为什么我仍然可以使用`move`闭包捕获的变量？

Question

I wrote a Rust program that generates all the two-letter permutations of lower-case English letters ("aa", "ab", ..., "zy", "zz"):

fn main() {
    static ASCII_LOWER: [char; 26] = [
        'a', 'b', 'c', 'd', 'e', 'f', 'g', 'h', 'i', 'j', 'k', 'l', 'm',
        'n', 'o', 'p', 'q', 'r', 's', 't', 'u', 'v', 'w', 'x', 'y', 'z'
    ];

    let x: Vec<_> = ASCII_LOWER.iter().flat_map(|a| {
        let result = ASCII_LOWER.iter().map(move |b| {
            format!("{}{}", a, b)
        });

        dbg!(a);  // <--- How can `a` still be used?

        result
    }).collect();

    dbg!(x);
}

I need to mark the inner closure as move , because otherwise the captured borrow of a doesn't live long enough.

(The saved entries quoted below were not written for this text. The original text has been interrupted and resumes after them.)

(* Let $X$ be a real Hilbert space, let $\alpha\in\mathbb{R}\setminus\{0\}$ and $\beta>0$, equip $X\times X\times\mathbb{R}$ with the norm $\|(u,v,\gamma)\|=\sqrt{\|u\|^2+\|v\|^2+\beta^2|\gamma|^2}$, and let $$\widetilde{C}_\alpha=\{(u,v,\gamma)\in X\times X\times\mathbb{R} : \|u\|^2-\|v\|^2=2\alpha\gamma\}.$$ Let $(u_0,v_0,\gamma_0)\in X\times X\times\mathbb{R}$. Then the following hold. (i) If $u_0\neq 0$ and $v_0\neq 0$, then $$P_{\widetilde{C}_\alpha}(u_0,v_0,\gamma_0)=\Big\{\Big(\frac{u_0}{1+\lambda},\frac{v_0}{1-\lambda},\gamma_0+\frac{\lambda\alpha}{\beta^2}\Big)\Big\},$$ where $\lambda$ is the unique solution in $]-1,1[$ of $$g(\lambda):=\frac{(\lambda^2+1)p-2\lambda q}{(1-\lambda^2)^2}-\frac{2\lambda\alpha^2}{\beta^2}-2\alpha\gamma_0=0,$$ with $p:=\|u_0\|^2-\|v_0\|^2$ and $q:=\|u_0\|^2+\|v_0\|^2$. (ii) If $u_0=0$ and $v_0\neq 0$: (a) if $\alpha(\gamma_0-\frac{\alpha}{\beta^2})<-\frac{\|v_0\|^2}{8}$, then $P_{\widetilde{C}_\alpha}(0,v_0,\gamma_0)=\{(0,\frac{v_0}{1-\lambda},\gamma_0+\frac{\lambda\alpha}{\beta^2})\}$ for the unique $\lambda\in]-1,1[$ solving $g_1(\lambda):=\frac{\|v_0\|^2}{(1-\lambda)^2}+\frac{2\lambda\alpha^2}{\beta^2}+2\alpha\gamma_0=0$; (b) if $\alpha(\gamma_0-\frac{\alpha}{\beta^2})\geq-\frac{\|v_0\|^2}{8}$, then $$P_{\widetilde{C}_\alpha}(0,v_0,\gamma_0)=\Big\{\Big(u,\frac{v_0}{2},\gamma_0-\frac{\alpha}{\beta^2}\Big): u\in X,\ \|u\|=\sqrt{2\alpha\big(\gamma_0-\tfrac{\alpha}{\beta^2}\big)+\tfrac{\|v_0\|^2}{4}}\Big\},$$ which is a singleton if and only if $\alpha(\gamma_0-\frac{\alpha}{\beta^2})=-\frac{\|v_0\|^2}{8}$. (iii) If $u_0\neq 0$ and $v_0=0$: (a) if $\alpha(\gamma_0+\frac{\alpha}{\beta^2})>\frac{\|u_0\|^2}{8}$, then $P_{\widetilde{C}_\alpha}(u_0,0,\gamma_0)=\{(\frac{u_0}{1+\lambda},0,\gamma_0+\frac{\lambda\alpha}{\beta^2})\}$ for the unique $\lambda\in]-1,1[$ solving $g_2(\lambda):=\frac{\|u_0\|^2}{(1+\lambda)^2}-\frac{2\lambda\alpha^2}{\beta^2}-2\alpha\gamma_0=0$; (b) if $\alpha(\gamma_0+\frac{\alpha}{\beta^2})\leq\frac{\|u_0\|^2}{8}$, then $$P_{\widetilde{C}_\alpha}(u_0,0,\gamma_0)=\Big\{\Big(\frac{u_0}{2},v,\gamma_0+\frac{\alpha}{\beta^2}\Big): v\in X,\ \|v\|=\sqrt{-2\alpha\big(\gamma_0+\tfrac{\alpha}{\beta^2}\big)+\tfrac{\|u_0\|^2}{4}}\Big\},$$ which is a singleton if and only if $\alpha(\gamma_0+\frac{\alpha}{\beta^2})=\frac{\|u_0\|^2}{8}$. (iv) If $u_0=0$ and $v_0=0$: (a) if $\alpha\gamma_0>\frac{\alpha^2}{\beta^2}$, then $P_{\widetilde{C}_\alpha}(0,0,\gamma_0)$ is the non-singleton set $\{(u,0,\gamma_0-\frac{\alpha}{\beta^2}): u\in X,\ \|u\|=\sqrt{2\alpha(\gamma_0-\frac{\alpha}{\beta^2})}\}$; (b) if $|\alpha\gamma_0|\leq\frac{\alpha^2}{\beta^2}$, then $P_{\widetilde{C}_\alpha}(0,0,\gamma_0)=\{(0,0,0)\}$; (c) if $\alpha\gamma_0<-\frac{\alpha^2}{\beta^2}$, then $P_{\widetilde{C}_\alpha}(0,0,\gamma_0)$ is the non-singleton set $\{(0,v,\gamma_0+\frac{\alpha}{\beta^2}): v\in X,\ \|v\|=\sqrt{-2\alpha(\gamma_0+\frac{\alpha}{\beta^2})}\}$.
   Context: For a nonempty set $S\subseteq X\times X\times\mathbb{R}$, the projection $P_S(z)$ is the (possibly empty or multi-valued) set $\operatorname{argmin}_{w\in S}\|w-z\|$, where the norm is the $\beta$-weighted norm $\|(u,v,\gamma)\|=\sqrt{\|u\|^2+\|v\|^2+\beta^2|\gamma|^2}$. *)

theory Defs
  imports "HOL-Analysis.Analysis"
begin

definition bnorm :: "real \<Rightarrow> ('a::real_normed_vector) \<times> 'a \<times> real \<Rightarrow> real" where
  "bnorm \<beta> w = (case w of (u, v, \<gamma>) \<Rightarrow> sqrt (norm u ^ 2 + norm v ^ 2 + \<beta>^2 * \<bar>\<gamma>\<bar>^2))"

definition bdist :: "real \<Rightarrow> ('a::real_normed_vector) \<times> 'a \<times> real \<Rightarrow> 'a \<times> 'a \<times> real \<Rightarrow> real" where
  "bdist \<beta> w z = (case w of (u, v, \<gamma>) \<Rightarrow> case z of (u', v', \<gamma>') \<Rightarrow> bnorm \<beta> (u - u', v - v', \<gamma> - \<gamma>'))"

definition bproj :: "real \<Rightarrow> (('a::real_normed_vector) \<times> 'a \<times> real) set \<Rightarrow> 'a \<times> 'a \<times> real \<Rightarrow> ('a \<times> 'a \<times> real) set" where
  "bproj \<beta> S z = {w \<in> S. \<forall>w'\<in>S. bdist \<beta> w z \<le> bdist \<beta> w' z}"

definition Ctilde :: "real \<Rightarrow> (('a::real_normed_vector) \<times> 'a \<times> real) set" where
  "Ctilde \<alpha> = {(u, v, \<gamma>). norm u ^ 2 - norm v ^ 2 = 2 * \<alpha> * \<gamma>}"

definition gfun :: "real \<Rightarrow> real \<Rightarrow> real \<Rightarrow> real \<Rightarrow> real \<Rightarrow> real \<Rightarrow> real" where
  "gfun p q \<alpha> \<beta> \<gamma>0 lam =
     ((lam^2 + 1) * p - 2 * lam * q) / (1 - lam^2)^2 - 2 * lam * \<alpha>^2 / \<beta>^2 - 2 * \<alpha> * \<gamma>0"

definition g1fun :: "real \<Rightarrow> real \<Rightarrow> real \<Rightarrow> real \<Rightarrow> real \<Rightarrow> real" where
  "g1fun nv \<alpha> \<beta> \<gamma>0 lam = nv^2 / (1 - lam)^2 + 2 * lam * \<alpha>^2 / \<beta>^2 + 2 * \<alpha> * \<gamma>0"

definition g2fun :: "real \<Rightarrow> real \<Rightarrow> real \<Rightarrow> real \<Rightarrow> real \<Rightarrow> real" where
  "g2fun nu \<alpha> \<beta> \<gamma>0 lam = nu^2 / (1 + lam)^2 - 2 * lam * \<alpha>^2 / \<beta>^2 - 2 * \<alpha> * \<gamma>0"

end

theory Submission
  imports Defs
begin

(*
  For a multiplier l in [-1, 1], adding l * (|u|^2 - |v|^2 - 2 alpha gamma), which vanishes on
  C~_alpha, to the squared weighted distance from z = (u0, v0, gamma0) and completing squares gives
    const + (1 + l) |u - u0/(1+l)|^2 + (1 - l) |v - v0/(1-l)|^2 + beta^2 (gamma - gamma0 - l alpha/beta^2)^2.
  The variable part is nonnegative, so as soon as it vanishes somewhere on C~_alpha the projection
  is exactly its zero set on C~_alpha.  For |l| < 1 that zero set is at most the Lagrange point
  (u0/(1+l), v0/(1-l), gamma0 + l alpha/beta^2), which lies on C~_alpha iff l is a root of g; the
  root functions are strictly monotone on ]-1,1[ and blow up at the relevant endpoints, which gives
  exactly one root.  When u0 = 0 and no interior root exists, l = -1 leaves u free on a sphere; the
  case v0 = 0 is the mirror image under the isometry (u, v, gamma) |-> (v, u, -gamma) of C~_alpha.
  For u0 = v0 = 0 and |alpha gamma0| <= alpha^2/beta^2 the multiplier l = -gamma0 beta^2/alpha puts
  the Lagrange point at the origin.
*)

lemma bdist_sq:
  "(bdist \<beta> (u, v, \<gamma>) (u0, v0, \<gamma>0))\<^sup>2 = (norm (u - u0))\<^sup>2 + (norm (v - v0))\<^sup>2 + \<beta>\<^sup>2 * (\<gamma> - \<gamma>0)\<^sup>2"
  unfolding bdist_def bnorm_def by (simp add: power2_abs)

lemma bproj_eq_zero_set:
  assumes dist: "\<And>w. w \<in> S \<Longrightarrow> (bdist \<beta> w z)\<^sup>2 = M + Q w"
    and nonneg: "\<And>w. w \<in> S \<Longrightarrow> 0 \<le> Q w"
    and zero: "w0 \<in> S" "Q w0 = 0"
  shows "bproj \<beta> S z = {w \<in> S. Q w = 0}"
proof -
  have "bdist \<beta> w z = sqrt (M + Q w)" if "w \<in> S" for w
    using dist[OF that] unfolding bdist_def bnorm_def by (auto split: prod.splits)
  then have le_iff: "bdist \<beta> w z \<le> bdist \<beta> w' z \<longleftrightarrow> Q w \<le> Q w'" if "w \<in> S" "w' \<in> S" for w w'
    using that by simp
  show ?thesis
  proof (intro set_eqI iffI)
    fix w
    assume "w \<in> bproj \<beta> S z"
    then have "w \<in> S" "bdist \<beta> w z \<le> bdist \<beta> w0 z"
      using zero(1) unfolding bproj_def by blast+
    then have "Q w \<le> Q w0"
      using le_iff zero(1) by blast
    with \<open>w \<in> S\<close> show "w \<in> {w \<in> S. Q w = 0}"
      using nonneg[of w] zero(2) by simp
  next
    fix w
    assume "w \<in> {w \<in> S. Q w = 0}"
    then have "w \<in> S" "Q w = 0" by simp_all
    then have "\<forall>w'\<in>S. bdist \<beta> w z \<le> bdist \<beta> w' z"
      using le_iff nonneg by metis
    with \<open>w \<in> S\<close> show "w \<in> bproj \<beta> S z"
      unfolding bproj_def by blast
  qed
qed

lemma mem_Ctilde: "(u, v, \<gamma>) \<in> Ctilde \<alpha> \<longleftrightarrow> (norm u)\<^sup>2 - (norm v)\<^sup>2 = 2 * \<alpha> * \<gamma>"
  by (simp add: Ctilde_def)

lemma norm_scaleR_inverse_sq: "(norm (x /\<^sub>R c))\<^sup>2 = (norm x)\<^sup>2 / c\<^sup>2"
  by (simp add: power_divide power_mult_distrib power_inverse divide_inverse)

lemma norm_diff_sq_complete_square:
  fixes u u0 :: "'a::real_inner"
  assumes "l = -1 \<Longrightarrow> u0 = 0"
  shows "(norm (u - u0))\<^sup>2 + l * (norm u)\<^sup>2
       = (1 + l) * (norm (u - u0 /\<^sub>R (1 + l)))\<^sup>2 + ((norm u0)\<^sup>2 - (norm u0)\<^sup>2 / (1 + l))"
proof (cases "l = -1")
  case False
  define c where "c = 1 + l"
  have "c \<noteq> 0" using False by (auto simp: c_def)
  moreover have expand: "(norm (x - y))\<^sup>2 = (norm x)\<^sup>2 - 2 * (x \<bullet> y) + (norm y)\<^sup>2" for x y :: 'a
    using dot_norm_neg[of x y] by simp
  ultimately show ?thesis
    unfolding expand c_def[symmetric]
    by (simp add: power_divide power_mult_distrib field_simps power2_eq_square)
       (simp add: c_def algebra_simps)
qed (use assms in simp)

(* At l = -1 (l = 1) the first (second) summand vanishes whatever the junk value of the
   division by zero is. *)
definition lagrange_gap :: "real \<Rightarrow> real \<Rightarrow> real \<Rightarrow> ('a::real_normed_vector) \<times> 'a \<times> real \<Rightarrow> 'a \<times> 'a \<times> real \<Rightarrow> real" where
  "lagrange_gap \<alpha> \<beta> l z w = (case z of (u0, v0, \<gamma>0) \<Rightarrow> case w of (u, v, \<gamma>) \<Rightarrow>
     (1 + l) * (norm (u - u0 /\<^sub>R (1 + l)))\<^sup>2 + (1 - l) * (norm (v - v0 /\<^sub>R (1 - l)))\<^sup>2
     + \<beta>\<^sup>2 * (\<gamma> - (\<gamma>0 + l * \<alpha> / \<beta>\<^sup>2))\<^sup>2)"

lemma lagrange_gap_nonneg: "-1 \<le> l \<Longrightarrow> l \<le> 1 \<Longrightarrow> 0 \<le> lagrange_gap \<alpha> \<beta> l z w"
  unfolding lagrange_gap_def by (auto split: prod.splits)

lemma bdist_sq_Ctilde:
  fixes u0 v0 :: "'a::real_inner"
  assumes "\<beta> \<noteq> 0" "l = -1 \<Longrightarrow> u0 = 0" "l = 1 \<Longrightarrow> v0 = 0"
  shows "\<exists>M. \<forall>w \<in> Ctilde \<alpha>. (bdist \<beta> w (u0, v0, \<gamma>0))\<^sup>2 = M + lagrange_gap \<alpha> \<beta> l (u0, v0, \<gamma>0) w"
proof -
  define M where "M = ((norm u0)\<^sup>2 - (norm u0)\<^sup>2 / (1 + l)) + ((norm v0)\<^sup>2 - (norm v0)\<^sup>2 / (1 - l))
    + (\<beta>\<^sup>2 * \<gamma>0\<^sup>2 - \<beta>\<^sup>2 * (\<gamma>0 + l * \<alpha> / \<beta>\<^sup>2)\<^sup>2)"
  have "(bdist \<beta> w (u0, v0, \<gamma>0))\<^sup>2 = M + lagrange_gap \<alpha> \<beta> l (u0, v0, \<gamma>0) w"
    if w_C: "w \<in> Ctilde \<alpha>" for w :: "'a \<times> 'a \<times> real"
  proof -
    obtain u v \<gamma> where w: "w = (u, v, \<gamma>)" and C: "(norm u)\<^sup>2 - (norm v)\<^sup>2 = 2 * \<alpha> * \<gamma>"
      using w_C unfolding Ctilde_def by auto
    have "(norm (u - u0))\<^sup>2 + l * (norm u)\<^sup>2
        = (1 + l) * (norm (u - u0 /\<^sub>R (1 + l)))\<^sup>2 + ((norm u0)\<^sup>2 - (norm u0)\<^sup>2 / (1 + l))"
      using norm_diff_sq_complete_square assms(2) .
    moreover have "(norm (v - v0))\<^sup>2 + (- l) * (norm v)\<^sup>2
        = (1 - l) * (norm (v - v0 /\<^sub>R (1 - l)))\<^sup>2 + ((norm v0)\<^sup>2 - (norm v0)\<^sup>2 / (1 - l))"
      using norm_diff_sq_complete_square[of "- l" v0 v] assms(3) by simp
    moreover have "\<beta>\<^sup>2 * (\<gamma> - \<gamma>0)\<^sup>2 - 2 * l * \<alpha> * \<gamma>
        = \<beta>\<^sup>2 * (\<gamma> - (\<gamma>0 + l * \<alpha> / \<beta>\<^sup>2))\<^sup>2 + (\<beta>\<^sup>2 * \<gamma>0\<^sup>2 - \<beta>\<^sup>2 * (\<gamma>0 + l * \<alpha> / \<beta>\<^sup>2)\<^sup>2)"
      using assms(1) by (simp add: field_simps power2_eq_square)
    moreover have "(bdist \<beta> w (u0, v0, \<gamma>0))\<^sup>2
      = ((norm (u - u0))\<^sup>2 + l * (norm u)\<^sup>2) + ((norm (v - v0))\<^sup>2 + (- l) * (norm v)\<^sup>2)
        + (\<beta>\<^sup>2 * (\<gamma> - \<gamma>0)\<^sup>2 - 2 * l * \<alpha> * \<gamma>)"
      unfolding w bdist_sq using C by (simp add: algebra_simps)
    ultimately show ?thesis
      unfolding w lagrange_gap_def M_def by simp
  qed
  then show ?thesis
    by blast
qed

lemma bproj_Ctilde_eq_gap_zeros:
  fixes u0 v0 :: "'a::real_inner"
  assumes "\<beta> \<noteq> 0" "-1 \<le> l" "l \<le> 1" "l = -1 \<Longrightarrow> u0 = 0" "l = 1 \<Longrightarrow> v0 = 0"
    and "w0 \<in> Ctilde \<alpha>" "lagrange_gap \<alpha> \<beta> l (u0, v0, \<gamma>0) w0 = 0"
  shows "bproj \<beta> (Ctilde \<alpha>) (u0, v0, \<gamma>0) = {w \<in> Ctilde \<alpha>. lagrange_gap \<alpha> \<beta> l (u0, v0, \<gamma>0) w = 0}"
proof -
  obtain M where dist: "\<And>w. w \<in> Ctilde \<alpha> \<Longrightarrow>
      (bdist \<beta> w (u0, v0, \<gamma>0))\<^sup>2 = M + lagrange_gap \<alpha> \<beta> l (u0, v0, \<gamma>0) w"
    using bdist_sq_Ctilde[OF assms(1,4,5)] by blast
  show ?thesis
    by (rule bproj_eq_zero_set[OF dist lagrange_gap_nonneg[OF assms(2,3)] assms(6,7)])
qed
lemma rcos_image_mem_non_self_normalizing_iff:
  assumes Y: "subgroup Y G" "H \<subseteq> Y"
  shows "(#>) H ` Y \<in> non_self_normalizing (G Mod H) \<longleftrightarrow> Y \<in> non_self_normalizing G \<and> H \<subset> Y"
proof -
  interpret q: group_hom G "G Mod H" "(#>) H"
    by (rule rcos_group_hom)
  have H_supgroup: "H \<in> {Y. subgroup Y G \<and> H \<subseteq> Y}"
    using is_subgroup by simp
  have normalizer_supgroup: "normalizer G Y \<in> {Y. subgroup Y G \<and> H \<subseteq> Y}"
    using Y normalizer_imp_subgroup[OF subgroup.subset] subgroup_subset_normalizer[of Y] by auto
  have "normalizer (G Mod H) ((#>) H ` Y) = (#>) H ` Y \<longleftrightarrow> normalizer G Y = Y"
    using Y normalizer_supgroup inj_on_rcos_image normalizer_FactGroup[OF Y]
    by (metis (mono_tags, lifting) inj_onD mem_Collect_eq)
  moreover have "(#>) H ` Y = {H} \<longleftrightarrow> Y = H"
    using Y H_supgroup inj_on_rcos_image rcos_image_self by (metis (mono_tags, lifting) inj_onD mem_Collect_eq)
  moreover have "Y \<noteq> {\<one>}" if "H \<subset> Y"
    using that subgroup.one_closed[OF is_subgroup] by blast
  moreover have "subgroup ((#>) H ` Y) (G Mod H)"
    using Y(1) by (rule q.subgroup_img_is_subgroup)
  ultimately show ?thesis
    using Y unfolding non_self_normalizing_def by auto
qed

lemma non_self_normalizing_FactGroup:
  "non_self_normalizing (G Mod H) = image ((#>) H) ` {Y \<in> non_self_normalizing G. H \<subset> Y}"
proof
  show "non_self_normalizing (G Mod H) \<subseteq> image ((#>) H) ` {Y \<in> non_self_normalizing G. H \<subset> Y}"
  proof
    fix A assume A: "A \<in> non_self_normalizing (G Mod H)"
    then have "subgroup A (G Mod H)"
      unfolding non_self_normalizing_def by blast
    note Y = subgroup_FactGroup_eq_rcos_image[OF this]
    then have "\<Union>A \<in> {Y \<in> non_self_normalizing G. H \<subset> Y}"
      using rcos_image_mem_non_self_normalizing_iff[OF Y(1,2)] A by simp
    with Y(3) show "A \<in> image ((#>) H) ` {Y \<in> non_self_normalizing G. H \<subset> Y}"
      by blast
  qed
  show "image ((#>) H) ` {Y \<in> non_self_normalizing G. H \<subset> Y} \<subseteq> non_self_normalizing (G Mod H)"
  proof
    fix A assume "A \<in> image ((#>) H) ` {Y \<in> non_self_normalizing G. H \<subset> Y}"
    then obtain Y where "Y \<in> non_self_normalizing G" "H \<subset> Y" "A = (#>) H ` Y"
      by blast
    moreover have "subgroup Y G"
      using \<open>Y \<in> non_self_normalizing G\<close> unfolding non_self_normalizing_def by blast
    ultimately show "A \<in> non_self_normalizing (G Mod H)"
      using rcos_image_mem_non_self_normalizing_iff[of Y] by blast
  qed
qed
lemma orbitally_continuous_fixed_point:
  assumes "orbitally_continuous d T" and "cs_converges d (\<lambda>n. (T ^^ n) x) u"
  shows "T u = u"
proof (rule cs_converges_unique)
  have "cs_converges d (\<lambda>n. (T ^^ (n + 1)) x) (T u)"
    using assms strict_mono_id unfolding orbitally_continuous_def orbitally_continuous_at_def id_def
    by blast
  thus "cs_converges d (\<lambda>n. (T ^^ Suc n) x) (T u)" by simp
  show "cs_converges d (\<lambda>n. (T ^^ Suc n) x) u"
    using assms(2) LIMSEQ_Suc unfolding cs_converges_def by fastforce
qed

text \<open>The hypothesis of the theorem becomes the following estimate for \<open>U = S \<circ> T\<close>,
  \<open>c x y = norm (\<delta> x y)\<close> and \<open>r x y = norm (q x y)\<^sup>2\<close>.\<close>

context
  fixes T U :: "'x \<Rightarrow> 'x" and c r :: "'x \<Rightarrow> 'x \<Rightarrow> real"
  assumes paired_contraction:
      "\<And>x y n. 1 \<le> n \<Longrightarrow> norm (d ((T ^^ n) x) ((U ^^ n) y)) \<le> c x y * r x y ^ n"
    and c_nonneg: "\<And>x y. 0 \<le> c x y"
    and r_nonneg: "\<And>x y. 0 \<le> r x y"
    and r_less_1: "\<And>x y. r x y < 1"
begin

lemma paired_contraction_tendsto_0: "(\<lambda>n. c x y * r x y ^ n) \<longlonglongrightarrow> 0"
  using r_nonneg r_less_1 by (intro tendsto_mult_right_zero LIMSEQ_power_zero) simp

lemma cs_cauchy_orbit: "cs_cauchy d (\<lambda>n. (T ^^ n) x)"
proof (rule cs_cauchy_if_geometric_steps)
  define \<rho> where "\<rho> = max (r x x) (r (T x) x)"
  show "0 \<le> \<rho>" "\<rho> < 1" unfolding \<rho>_def using r_nonneg r_less_1 by (simp_all add: le_max_iff_disj)
  fix n
  show "norm (d ((T ^^ n) x) ((T ^^ Suc n) x)) \<le> (c x x + c (T x) x + norm (d x (T x))) * \<rho> ^ n"
  proof (cases "n = 0")
    case True
    thus ?thesis using c_nonneg by simp
  next
    case False
    have "(T ^^ Suc n) x = (T ^^ n) (T x)" by (simp add: funpow_swap1)
    hence "norm (d ((T ^^ n) x) ((T ^^ Suc n) x))
          \<le> norm (d ((T ^^ n) x) ((U ^^ n) x)) + norm (d ((T ^^ n) (T x)) ((U ^^ n) x))"
      using norm_cs_dist_triangle[of "(T ^^ n) x" "(T ^^ n) (T x)" "(U ^^ n) x"]
        cs_dist_commute[of "(U ^^ n) x"] by simp
    also have "\<dots> \<le> c x x * r x x ^ n + c (T x) x * r (T x) x ^ n"
      using paired_contraction False by (intro add_mono) simp_all
    also have "\<dots> \<le> c x x * \<rho> ^ n + c (T x) x * \<rho> ^ n"
      unfolding \<rho>_def using c_nonneg r_nonneg
      by (intro add_mono mult_left_mono power_mono) simp_all
    also have "\<dots> \<le> (c x x + c (T x) x + norm (d x (T x))) * \<rho> ^ n"
      using \<open>0 \<le> \<rho>\<close> by (simp add: distrib_right)
    finally show ?thesis .
  qed
qed

lemma cs_converges_paired_orbit:
  assumes "cs_converges d (\<lambda>n. (T ^^ n) x) u"
  shows "cs_converges d (\<lambda>n. (U ^^ n) x) u"
proof (rule cs_converges_if_dist_tendsto_0[OF assms])
  show "(\<lambda>n. norm (d ((U ^^ n) x) ((T ^^ n) x))) \<longlonglongrightarrow> 0"
  proof (rule tendsto_sandwich[OF _ _ tendsto_const paired_contraction_tendsto_0])
    have "norm (d ((U ^^ n) x) ((T ^^ n) x)) \<le> c x x * r x x ^ n" if "1 \<le> n" for n
      using paired_contraction[OF that, of x x] by (simp add: cs_dist_commute)
    thus "\<forall>\<^sub>F n in sequentially. norm (d ((U ^^ n) x) ((T ^^ n) x)) \<le> c x x * r x x ^ n"
      unfolding eventually_sequentially by blast
  qed simp
qed

lemma paired_fixed_points_eq:
  assumes "T v = v" and "U u = u"
  shows "v = u"
proof -
  have "norm (d v u) \<le> c v u * r v u ^ n" if "1 \<le> n" for n
    using paired_contraction[OF that, of v u] assms by (simp add: funpow_fixpoint)
  hence "norm (d v u) \<le> 0"
    by (intro LIMSEQ_le_const[OF paired_contraction_tendsto_0]) blast
  thus ?thesis by (simp add: cs_dist_eq_0_iff)
qed

end

end

theorem corollary3p20:
  fixes d :: "'x \<Rightarrow> 'x \<Rightarrow> 'a::unital_cstar_algebra"
    and T S :: "'x \<Rightarrow> 'x"
    and q \<delta> :: "'x \<Rightarrow> 'x \<Rightarrow> 'a"
  assumes "cs_metric d"
    and "cs_complete d"
    and "\<And>x y. norm (q x y) < 1"
    and "\<And>x y. cs_pos (\<delta> x y)"
    and "\<And>x y n. n \<ge> 1 \<Longrightarrow>
           cs_le (d ((T ^^ n) x) (((S \<circ> T) ^^ n) y))
                 ((cs_star (q x y)) ^ n * \<delta> x y * (q x y) ^ n)"
    and "orbitally_continuous d T"
    and "orbitally_continuous d (S \<circ> T)"
  shows "\<exists>!u. T u = u \<and> S u = u"
proof -
  note metric = assms(1)
  have contraction: "norm (d ((T ^^ n) x) (((S \<circ> T) ^^ n) y)) \<le> norm (\<delta> x y) * (norm (q x y) ^ 2) ^ n"
    if "1 \<le> n" for x y n
    using norm_cs_dist_le_if_cs_le[OF metric assms(5)[OF that]] norm_star_power_mult_power_le
    by (rule order_trans)
  have rate: "0 \<le> norm (q x y) ^ 2" "norm (q x y) ^ 2 < 1" for x y
    using assms(3)[of x y] by (simp_all add: power_less_one_iff)
  note paired_estimate = contraction norm_ge_zero rate
  fix x0 :: 'x
  obtain u where u: "cs_converges d (\<lambda>n. (T ^^ n) x0) u"
    using cs_cauchy_orbit[OF metric paired_estimate] assms(2) unfolding cs_complete_def by blast
  have Tu: "T u = u" by (rule orbitally_continuous_fixed_point[OF metric assms(6) u])
  have STu: "(S \<circ> T) u = u"
    by (rule orbitally_continuous_fixed_point[OF metric assms(7) cs_converges_paired_orbit[OF metric paired_estimate u]])
  show ?thesis
  proof (rule ex1I[of _ u])
    show "T u = u \<and> S u = u" using Tu STu by simp
    fix v assume "T v = v \<and> S v = v"
    thus "v = u" using paired_fixed_points_eq[OF metric paired_estimate _ STu] by simp
  qed
qed

end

However, I don't understand what this move actually does in this case. I can still use a after the closure. What does the move actually do here?

Answer 1

What does the move actually do here?

It moves the variable into the closure.

I can still use a after the closure

a is a &'static char which implements Copy . The compiler automatically inserts a copy of the value when you use it after it was moved.

See also:

• How does Rust provide move semantics?
• What are move semantics in Rust?
• Is it possible to make a type only movable and not copyable?